What the exercise asks
Note how many lines in these entries contain "infinity", and reply with that number alone.
*** Task data ***
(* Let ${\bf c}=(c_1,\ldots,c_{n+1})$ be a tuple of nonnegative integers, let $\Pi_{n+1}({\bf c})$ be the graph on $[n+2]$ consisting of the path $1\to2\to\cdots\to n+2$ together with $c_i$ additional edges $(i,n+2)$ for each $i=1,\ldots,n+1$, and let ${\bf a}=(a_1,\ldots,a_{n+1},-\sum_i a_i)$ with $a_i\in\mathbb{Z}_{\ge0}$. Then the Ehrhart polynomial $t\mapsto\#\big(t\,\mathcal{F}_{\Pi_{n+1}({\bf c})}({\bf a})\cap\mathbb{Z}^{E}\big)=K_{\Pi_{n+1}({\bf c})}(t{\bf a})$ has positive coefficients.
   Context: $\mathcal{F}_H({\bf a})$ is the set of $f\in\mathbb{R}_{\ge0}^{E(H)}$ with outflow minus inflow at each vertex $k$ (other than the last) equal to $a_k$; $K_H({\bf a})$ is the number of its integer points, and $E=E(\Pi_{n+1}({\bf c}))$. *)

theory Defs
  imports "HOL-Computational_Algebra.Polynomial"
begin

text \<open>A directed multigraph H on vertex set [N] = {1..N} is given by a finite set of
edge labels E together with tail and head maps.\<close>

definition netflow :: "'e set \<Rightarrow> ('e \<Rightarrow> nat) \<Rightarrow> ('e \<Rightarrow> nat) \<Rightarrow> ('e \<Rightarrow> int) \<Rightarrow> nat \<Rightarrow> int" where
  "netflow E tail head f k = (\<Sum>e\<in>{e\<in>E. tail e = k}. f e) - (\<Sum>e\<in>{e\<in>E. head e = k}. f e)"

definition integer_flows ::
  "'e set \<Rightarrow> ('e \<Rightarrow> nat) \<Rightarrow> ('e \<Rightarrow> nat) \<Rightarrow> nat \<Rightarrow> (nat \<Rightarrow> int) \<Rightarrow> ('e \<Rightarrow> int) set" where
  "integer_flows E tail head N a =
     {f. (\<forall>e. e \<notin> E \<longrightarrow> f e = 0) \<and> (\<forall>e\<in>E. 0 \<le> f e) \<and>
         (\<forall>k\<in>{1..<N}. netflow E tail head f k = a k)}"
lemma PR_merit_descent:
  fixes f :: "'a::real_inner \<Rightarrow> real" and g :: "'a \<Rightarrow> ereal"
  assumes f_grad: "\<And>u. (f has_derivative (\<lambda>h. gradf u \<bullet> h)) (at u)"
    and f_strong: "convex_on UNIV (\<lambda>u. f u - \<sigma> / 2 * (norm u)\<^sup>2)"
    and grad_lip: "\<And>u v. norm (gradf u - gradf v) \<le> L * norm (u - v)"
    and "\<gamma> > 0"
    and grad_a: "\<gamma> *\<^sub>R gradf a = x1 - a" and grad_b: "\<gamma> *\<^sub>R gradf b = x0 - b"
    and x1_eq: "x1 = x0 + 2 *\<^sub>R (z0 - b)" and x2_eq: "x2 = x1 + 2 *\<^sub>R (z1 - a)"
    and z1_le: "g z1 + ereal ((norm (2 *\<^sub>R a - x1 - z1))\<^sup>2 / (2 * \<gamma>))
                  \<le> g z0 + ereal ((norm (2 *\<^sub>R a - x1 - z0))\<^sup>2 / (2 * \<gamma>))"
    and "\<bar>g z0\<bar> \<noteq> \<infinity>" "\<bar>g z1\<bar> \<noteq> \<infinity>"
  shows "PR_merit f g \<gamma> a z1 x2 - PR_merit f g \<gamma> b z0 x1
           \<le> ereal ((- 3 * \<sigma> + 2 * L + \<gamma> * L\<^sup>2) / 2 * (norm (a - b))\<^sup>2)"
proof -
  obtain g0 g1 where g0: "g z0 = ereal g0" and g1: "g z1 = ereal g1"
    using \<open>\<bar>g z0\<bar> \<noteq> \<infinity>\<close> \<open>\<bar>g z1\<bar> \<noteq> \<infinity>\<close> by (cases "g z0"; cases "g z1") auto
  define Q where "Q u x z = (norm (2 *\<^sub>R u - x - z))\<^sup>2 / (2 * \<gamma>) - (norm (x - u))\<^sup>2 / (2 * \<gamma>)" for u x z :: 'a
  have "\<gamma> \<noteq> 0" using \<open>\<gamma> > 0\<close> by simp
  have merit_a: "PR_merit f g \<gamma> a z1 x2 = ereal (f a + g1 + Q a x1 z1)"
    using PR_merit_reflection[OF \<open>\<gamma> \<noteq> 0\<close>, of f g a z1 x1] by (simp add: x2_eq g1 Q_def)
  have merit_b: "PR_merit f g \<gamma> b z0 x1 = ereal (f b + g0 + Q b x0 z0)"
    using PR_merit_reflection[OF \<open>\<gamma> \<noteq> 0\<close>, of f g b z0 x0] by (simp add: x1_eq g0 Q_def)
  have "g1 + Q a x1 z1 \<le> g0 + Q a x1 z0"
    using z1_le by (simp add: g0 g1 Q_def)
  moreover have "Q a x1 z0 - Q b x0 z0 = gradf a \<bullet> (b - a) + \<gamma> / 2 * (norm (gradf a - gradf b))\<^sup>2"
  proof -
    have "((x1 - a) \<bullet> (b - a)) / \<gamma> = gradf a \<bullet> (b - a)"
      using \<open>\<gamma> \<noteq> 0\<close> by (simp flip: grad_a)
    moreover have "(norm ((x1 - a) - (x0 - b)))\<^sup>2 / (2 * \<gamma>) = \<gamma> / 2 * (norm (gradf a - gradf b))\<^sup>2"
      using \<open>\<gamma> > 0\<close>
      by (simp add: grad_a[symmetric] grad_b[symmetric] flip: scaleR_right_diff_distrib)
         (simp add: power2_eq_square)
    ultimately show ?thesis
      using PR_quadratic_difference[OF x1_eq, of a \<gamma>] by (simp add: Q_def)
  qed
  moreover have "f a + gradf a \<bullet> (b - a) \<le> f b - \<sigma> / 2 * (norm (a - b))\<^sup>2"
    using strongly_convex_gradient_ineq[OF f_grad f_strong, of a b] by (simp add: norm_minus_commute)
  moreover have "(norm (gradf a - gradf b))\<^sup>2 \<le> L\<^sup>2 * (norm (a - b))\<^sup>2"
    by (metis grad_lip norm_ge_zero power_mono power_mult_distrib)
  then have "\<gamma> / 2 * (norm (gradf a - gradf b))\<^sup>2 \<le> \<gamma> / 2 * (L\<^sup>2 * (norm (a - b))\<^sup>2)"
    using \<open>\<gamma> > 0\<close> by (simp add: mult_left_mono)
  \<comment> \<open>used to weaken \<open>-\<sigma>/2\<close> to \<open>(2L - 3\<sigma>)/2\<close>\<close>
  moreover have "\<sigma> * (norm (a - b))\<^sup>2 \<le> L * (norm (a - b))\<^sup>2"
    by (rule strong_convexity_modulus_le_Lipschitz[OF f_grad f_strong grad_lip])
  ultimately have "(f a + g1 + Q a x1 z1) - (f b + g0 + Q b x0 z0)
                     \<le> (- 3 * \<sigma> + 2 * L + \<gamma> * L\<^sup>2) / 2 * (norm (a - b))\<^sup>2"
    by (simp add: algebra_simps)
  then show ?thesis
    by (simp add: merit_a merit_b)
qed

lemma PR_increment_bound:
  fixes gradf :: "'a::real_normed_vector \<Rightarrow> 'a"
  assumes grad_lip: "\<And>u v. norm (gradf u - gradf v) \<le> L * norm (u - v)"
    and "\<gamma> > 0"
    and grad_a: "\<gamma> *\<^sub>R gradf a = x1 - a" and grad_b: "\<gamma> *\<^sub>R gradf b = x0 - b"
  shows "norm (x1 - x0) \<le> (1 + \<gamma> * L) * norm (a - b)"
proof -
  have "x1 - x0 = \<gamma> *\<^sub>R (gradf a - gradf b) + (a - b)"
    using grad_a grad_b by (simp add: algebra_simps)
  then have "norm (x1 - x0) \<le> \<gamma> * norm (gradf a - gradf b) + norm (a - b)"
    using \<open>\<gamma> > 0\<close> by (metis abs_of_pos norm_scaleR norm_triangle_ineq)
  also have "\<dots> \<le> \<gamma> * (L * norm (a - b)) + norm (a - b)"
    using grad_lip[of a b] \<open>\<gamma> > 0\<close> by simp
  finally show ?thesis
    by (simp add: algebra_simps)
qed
*** End of Task data ***
Result below
2